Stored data

◆ ◆ ◆

(* Let $k=\mathbb C$, $A=\mathbb C_{-1}[x_1,x_2]$ (so $x_2x_1=-x_1x_2$), $m\ge1$, $\lambda$ a primitive $2m$-th root of unity, and $G=M(2,1,2m)$, the subgroup of $\mathrm{Aut}(A)$ generated by $\tau_{2,1,1}$ and $\tau_{2,1,\lambda}$. Then $A^G=\mathbb C[x_1x_2,\ x_1^{2m}+x_2^{2m}]$, and $G$ is isomorphic to the dicyclic group $Q_{4m}=\langle a,b\mid a^{2m}=1,\ b^{-1}ab=a^{-1},\ b^2=a^m\rangle$ of order $4m$. If $m\ge2$, then $G$ is not isomorphic to any cyclic group, any symmetric group, or any group $G(m',p,n')$.
   Context: For $s\ne t$ and $\mu\in\mathbb C^\times$, $\tau_{s,t,\mu}$ is the graded automorphism of $A$ with $x_s\mapsto\mu x_t$, $x_t\mapsto-\mu^{-1}x_s$. For positive integers $m',p,n'$ with $p\mid m'$, $G(m',p,n')$ is the group of $n'\times n'$ complex matrices of the form $DP$ where $P$ is a permutation matrix and $D=\mathrm{diag}(\omega_1,\dots,\omega_{n'})$ with $\omega_i^{m'}=1$ and $(\omega_1\cdots\omega_{n'})^{m'/p}=1$; it has order $m'^{n'}n'!/p$. *)

theory Defs
  imports "Jordan_Normal_Form.Matrix" "HOL-Algebra.Algebra" "HOL-Library.FuncSet"
begin

text \<open>An element of A is given by its coefficients with respect to the
  standard monomial basis x1^i x2^j (indexed by (i,j)); elements of A are the
  finitely supported coefficient functions.\<close>

type_synonym skpoly = "nat \<times> nat \<Rightarrow> complex"
lemma hom_comp_hom_of_in_homset:
  assumes B: "B \<in> objs sa G R" and C: "C \<in> objs sa G R" and D: "D \<in> objs sa G R"
  shows "hom_comp sa G B C D (hom_of sa G b C D) (hom_of sa G a B C) \<in> homset sa G B D"
  unfolding homset_def
proof (intro CollectI conjI allI impI)
  fix m l assume "m \<in> WB sa G B \<and> l \<in> WB sa G D"
  then obtain n a0 b0 where
    "hom_comp sa G B C D (hom_of sa G b C D) (hom_of sa G a B C) m l = coset (Jid sa m l) (b0 * a0)"
    using hom_comp_hom_of_witness[OF B C D, of m l a b] by blast
  then show "\<exists>c. hom_comp sa G B C D (hom_of sa G b C D) (hom_of sa G a B C) m l = coset (Jid sa m l) c"
    by blast
next
  fix m l assume "\<not> (m \<in> WB sa G B \<and> l \<in> WB sa G D)"
  then show "hom_comp sa G B C D (hom_of sa G b C D) (hom_of sa G a B C) m l = {}"
    by (rule hom_comp_outside)
next
  fix m m' l l'
  assume "m \<in> WB sa G B \<and> m' \<in> WB sa G B \<and> l \<in> WB sa G D \<and> l' \<in> WB sa G D \<and> m \<subseteq> m' \<and> l \<subseteq> l'"
  then have m: "m \<in> WB sa G B" "m' \<in> WB sa G B" "m \<subseteq> m'" and l: "l \<in> WB sa G D" "l' \<in> WB sa G D" "l \<subseteq> l'"
    by auto
  obtain S f where S: "finite S" "S \<subseteq> objs sa G R" "\<forall>E\<in>S. Left.in_block E m (f E)" "a - sum f S \<in> lid sa m"
    using Left.block_decomposition[OF B m(1)] unfolding Left_lideal by blast
  obtain T g where T: "finite T" "T \<subseteq> objs sa G R" "\<forall>E\<in>T. Right.in_block E l (g E)" "b - sum g T \<in> rid sa l"
    using Right.block_decomposition[OF D l(1)] unfolding Right_lideal by blast
  have S': "\<forall>E\<in>S. Left.in_block E m' (f E)" "a - sum f S \<in> lid sa m'"
    using S(3,4) Left.in_block_mono[OF Left.lideal_mono[OF m(3)]] Left.lideal_mono[OF m(3)]
    unfolding Left_lideal by auto
  have T': "\<forall>E\<in>T. Right.in_block E l' (g E)" "b - sum g T \<in> rid sa l'"
    using T(3,4) Right.in_block_mono[OF Right.lideal_mono[OF l(3)]] Right.lideal_mono[OF l(3)]
    unfolding Right_lideal by auto
  show "hom_comp sa G B C D (hom_of sa G b C D) (hom_of sa G a B C) m l
      \<subseteq> hom_comp sa G B C D (hom_of sa G b C D) (hom_of sa G a B C) m' l'"
    unfolding hom_comp_hom_of_components[OF B C D m(1) l(1) S T]
      hom_comp_hom_of_components[OF B C D m(2) l(2) S(1,2) S' T(1,2) T']
    using coset_mono[OF Jid_mono[OF m(3) l(3)]] .
qed
lemma subgradient_locally_bounded:
  fixes f :: "'a::euclidean_space \<Rightarrow> real"
  assumes U: "open U" and f: "convex_on U f" and "c \<in> U"
    and sub: "\<And>x y. x \<in> U \<Longrightarrow> y \<in> U \<Longrightarrow> f x + g x \<bullet> (y - x) \<le> f y"
  obtains r B where "0 < r" "ball c r \<subseteq> U" "\<And>x. x \<in> ball c r \<Longrightarrow> norm (g x) \<le> B"
proof -
  obtain \<rho> where "0 < \<rho>" "ball c \<rho> \<subseteq> U" using U \<open>c \<in> U\<close> open_contains_ball by blast
  define r where "r = \<rho> / 4"
  have "0 < r" and cball: "cball c (2 * r) \<subseteq> U"
    using \<open>0 < \<rho>\<close> \<open>ball c \<rho> \<subseteq> U\<close> unfolding r_def by (auto simp: subset_eq)
  obtain K where K: "\<And>x y. x \<in> cball c r \<Longrightarrow> y \<in> cball c r \<Longrightarrow> \<bar>f x - f y\<bar> \<le> K * norm (x - y)"
    using convex_on_locally_lipschitz[OF U f cball \<open>0 < r\<close>] by blast
  have "norm (g x) \<le> \<bar>K\<bar>" if x: "x \<in> ball c (r / 2)" for x
  proof (cases "g x = 0")
    case False
    \<comment> \<open>Test the subgradient inequality in the direction of \<open>g x\<close> against the Lipschitz bound.\<close>
    define u where "u = (r / 2 / norm (g x)) *\<^sub>R g x"
    have norm_u: "norm u = r / 2" unfolding u_def using False \<open>0 < r\<close> by simp
    have "dist c (x + u) \<le> dist c x + norm u"
      by (metis dist_norm dist_triangle2 add_diff_cancel_left' norm_minus_commute)
    then have "x + u \<in> cball c r" using x norm_u by simp
    moreover have "x \<in> cball c r" using x zero_le_dist[of c x] by (simp del: zero_le_dist)
    ultimately have "g x \<bullet> u \<le> K * norm u"
      using sub[of x "x + u"] K[of "x + u" x] cball \<open>0 < r\<close>
      by (smt (verit) add_diff_cancel_left' mem_cball subsetD)
    moreover have "g x \<bullet> u = r / 2 * norm (g x)"
      unfolding u_def using False by (simp add: power2_norm_eq_inner[symmetric] power2_eq_square)
    ultimately show ?thesis using norm_u \<open>0 < r\<close> by simp
  qed simp
  moreover have "ball c (r / 2) \<subseteq> U" using cball \<open>0 < r\<close> by (auto simp: subset_eq)
  ultimately show ?thesis using that[of "r / 2" "\<bar>K\<bar>"] \<open>0 < r\<close> by force
qed

lemma convex_on_gradient_directional_bound:
  fixes f :: "'a::euclidean_space \<Rightarrow> real"
  assumes U: "open U" and f: "convex_on U f"
    and df: "\<And>x. x \<in> U \<Longrightarrow> (f has_derivative (\<lambda>h. g x \<bullet> h)) (at x)"
    and "c \<in> U" "norm v = 1" "0 < e"
  shows "eventually (\<lambda>x. g x \<bullet> v < g c \<bullet> v + e) (at c)"
proof -
  have f_cont: "isCont f y" if "y \<in> U" for y
    using convex_on_continuous[OF U f] U that continuous_on_eq_continuous_at by blast
  obtain \<rho> where "0 < \<rho>" and \<rho>: "ball c \<rho> \<subseteq> U" using U \<open>c \<in> U\<close> open_contains_ball by blast
  obtain d where "0 < d" and d: "\<And>y. norm (y - c) < d \<Longrightarrow>
      norm (f y - f c - g c \<bullet> (y - c)) \<le> (e / 4) * norm (y - c)"
    using df[OF \<open>c \<in> U\<close>] \<open>0 < e\<close> unfolding has_derivative_at_alt by (meson divide_pos_pos zero_less_numeral)
  define t where "t = min (\<rho> / 2) (d / 2)"
  have t: "0 < t" "t < d" "t \<le> \<rho> / 2" unfolding t_def using \<open>0 < \<rho>\<close> \<open>0 < d\<close> by auto
  have "\<bar>f (c + t *\<^sub>R v) - f c - t * (g c \<bullet> v)\<bar> \<le> e * t / 4"
    using d[of "c + t *\<^sub>R v"] t \<open>norm v = 1\<close> by simp
  then have up: "f (c + t *\<^sub>R v) - f c \<le> t * (g c \<bullet> v) + e * t / 4"
    unfolding abs_le_iff by linarith
  have "c + t *\<^sub>R v \<in> U" using \<rho> t \<open>norm v = 1\<close> by (auto simp: dist_norm)
  then have "eventually (\<lambda>x. dist (f (x + t *\<^sub>R v)) (f (c + t *\<^sub>R v)) < e * t / 4) (at c)"
    using \<open>0 < e\<close> t by (intro tendstoD isCont_tendsto_compose[OF f_cont] tendsto_intros) auto
  moreover have "eventually (\<lambda>x. dist (f x) (f c) < e * t / 4) (at c)"
    using f_cont[OF \<open>c \<in> U\<close>] \<open>0 < e\<close> t unfolding isCont_def by (intro tendstoD) auto
  moreover have "eventually (\<lambda>x. dist x c < \<rho> / 2) (at c)"
    unfolding eventually_at using \<open>0 < \<rho>\<close> by (intro exI[of _ "\<rho> / 2"]) auto
  ultimately show ?thesis
  proof eventually_elim
    case (elim x)
    then have "x \<in> U" "x + t *\<^sub>R v \<in> U"
      using \<rho> t \<open>norm v = 1\<close> norm_triangle_ineq[of "x - c" "t *\<^sub>R v"]
      by (auto simp: dist_norm norm_minus_commute subset_eq algebra_simps)
    then have "f x + t * (g x \<bullet> v) \<le> f (x + t *\<^sub>R v)"
      using convex_on_above_derivative[OF f _ _ df, of x "x + t *\<^sub>R v"] by simp
    moreover have "0 < e * t" using \<open>0 < e\<close> t by simp
    ultimately have "t * (g x \<bullet> v) < t * (g c \<bullet> v) + e * t"
      using elim(1,2) up unfolding dist_real_def abs_less_iff by linarith
    then have "t * (g x \<bullet> v) < t * (g c \<bullet> v + e)" by (simp add: distrib_left mult.commute)
    then show ?case using t by simp
  qed
qed

lemma convex_on_gradient_continuous:
  fixes f :: "'a::euclidean_space \<Rightarrow> real"
  assumes "open U" "convex_on U f" "\<And>x. x \<in> U \<Longrightarrow> (f has_derivative (\<lambda>h. g x \<bullet> h)) (at x)"
    and "c \<in> U"
  shows "isCont g c"
proof -
  have "((\<lambda>x. g x \<bullet> b) \<longlongrightarrow> g c \<bullet> b) (at c)" if "b \<in> Basis" for b
  proof (rule tendstoI)
    fix e :: real assume "0 < e"
    have "eventually (\<lambda>x. g x \<bullet> b < g c \<bullet> b + e) (at c)"
      "eventually (\<lambda>x. g x \<bullet> (- b) < g c \<bullet> (- b) + e) (at c)"
      by (intro convex_on_gradient_directional_bound[OF assms(1,2)]; use assms(3,4) \<open>0 < e\<close> that in simp)+
    then show "eventually (\<lambda>x. dist (g x \<bullet> b) (g c \<bullet> b) < e) (at c)"
      by eventually_elim (auto simp: dist_real_def abs_less_iff)
  qed
  then show ?thesis unfolding isCont_def by (subst tendsto_componentwise_iff) blast
qed

lemma has_derivative_if_quadratic_remainder:
  fixes f :: "'a::real_normed_vector \<Rightarrow> real"
  assumes "bounded_linear f'" "0 < r"
    and rem: "\<And>y. norm (y - c) < r \<Longrightarrow> \<bar>f y - f c - f' (y - c)\<bar> \<le> M * (norm (y - c))\<^sup>2"
  shows "(f has_derivative f') (at c)"
  unfolding has_derivative_at_alt
proof (intro conjI allI impI)
  fix e :: real assume "0 < e"
  define d where "d = min r (e / (\<bar>M\<bar> + 1))"
  have "\<bar>f y - f c - f' (y - c)\<bar> \<le> e * norm (y - c)" if y: "norm (y - c) < d" for y
  proof -
    have "norm (y - c) < e / (\<bar>M\<bar> + 1)" using y unfolding d_def by simp
    then have "norm (y - c) * (\<bar>M\<bar> + 1) \<le> e"
      by (simp add: less_divide_eq add_nonneg_pos)
    then have "M * (norm (y - c))\<^sup>2 \<le> e * norm (y - c)"
      by (smt (verit) mult_right_mono norm_ge_zero power2_eq_square mult.commute mult.assoc)
    with rem[of y] y show ?thesis unfolding d_def by simp
  qed
  then show "\<exists>d>0. \<forall>y. norm (y - c) < d \<longrightarrow> norm (f y - f c - f' (y - c)) \<le> e * norm (y - c)"
    using \<open>0 < r\<close> \<open>0 < e\<close> unfolding d_def by (intro exI[of _ d]) (auto simp: d_def)
qed (fact assms(1))

lemma concave_on_sum_fun:
  assumes "finite A" "convex S" "\<And>a. a \<in> A \<Longrightarrow> concave_on S (f a)"
  shows "concave_on S (\<lambda>x. \<Sum>a\<in>A. f a x)"
  using assms by (induction A rule: finite_induct) (auto simp: concave_on_const intro: concave_on_add)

◆ ◆ ◆

**EXERCISE OBJECTIVE:** Answer with the number alone: how many lines in the records include the word "tendstoD"?

**WRITTEN SOLUTION:** 2